Gammel Strand 42 is a historic property overlooking Slotsholmens Kanal and Slotsholmen in Copenhagen, Denmark. The building was listed on the Danish registry of protected buildings and places in 1945.

History

18th century

The property was listed in Copenhagen's first cadastre of 1689 as No. 12 in Strand Quarter. It was at that time owned by the king's furier Rudolf Boldevin. The property was again listed as No. 12 in the new cadastre of 1756 and was then owned by Thomas Morville.

Agent Hans Holck (1726-1783), who created the first city directory for Copenhagen, was among the residents in around 1782.

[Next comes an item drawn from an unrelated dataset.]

(* Let $\mathbf{A}$ be a structure such that there exists a retraction $r:\mathbf{A}\twoheadrightarrow\mathbf{A}^2$. Then $\operatorname{rank}(\operatorname{Pol}\mathbf{A}:\operatorname{End}\mathbf{A})=1$. More precisely, if $\epsilon:\mathbf{A}^2\hookrightarrow\mathbf{A}$ is a homomorphism with $r\circ\epsilon=1_{\mathbf{A}^2}$, then $\operatorname{Pol}\mathbf{A}$ is generated as a clone by $\operatorname{End}\mathbf{A}\cup\{\epsilon\}$, while $\operatorname{End}\mathbf{A}$ alone does not generate $\operatorname{Pol}\mathbf{A}$.
   Context: For a set $A$, $O_A^{(n)}$ is the set of functions $A^n\to A$, $O_A=\bigcup_{n\ge1}O_A^{(n)}$, projections are $e_i^n(x_1,\dots,x_n)=x_i$, and for $f\in O_A^{(n)}$, $g_1,\dots,g_n\in O_A^{(m)}$, $f\circ\langle g_1,\dots,g_n\rangle(\bar x)=f(g_1(\bar x),\dots,g_n(\bar x))$. A clone on $A$ is a subset of $O_A$ containing all projections and closed under this composition; $\langle M\rangle_{O_A}$ is the clone generated by $M\subseteq O_A$. For a structure $\mathbf{A}$, $\operatorname{Pol}\mathbf{A}$ is the clone of all homomorphisms $\mathbf{A}^n\to\mathbf{A}$ ($n\ge1$, $\mathbf{A}^n$ the direct power), and $\operatorname{End}\mathbf{A}$ is its unary part (the endomorphisms). For a clone $F$ and $M\subseteq F$, the relative rank $\operatorname{rank}(F:M)$ is the least cardinality of a set $N\subseteq F$ with $\langle M\cup N\rangle_{O_A}=F$. A homomorphism $r:\mathbf{A}\to\mathbf{B}$ is a retraction if some homomorphism $\iota:\mathbf{B}\to\mathbf{A}$ (a section) satisfies $r\circ\iota=1_{\mathbf{B}}$. *)

theory Defs
  imports Main "HOL-Library.Extended_Nat"
begin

At the time of the 1787 census, No. 12 was home to four households. Friderich Christian Fries	, a naval officer with rank of captain lieutenant, resided in the building without any family or staff. Fridericha Magrethe Sal.Nissen, a 52-year-old widow, resided in another dwelling with her 24-year-old daughter Anne Agathe Nissen, two lodgers, a seamstress, three maids and an 11-year-old orphaned girl that she had adopted. Mette Claussen, widow of a justitsråd, resided in a third dwelling with her 13-year-old daughter Helena Ahemand, her sister Helena Maria Claussen, two maids, a male servant and a lodger. Petr Andersen, a junk dealer, resided in the basement with his wife Anne Chierstine, their two children (aged four and six), his mother Ellen Sørensen	and one maid.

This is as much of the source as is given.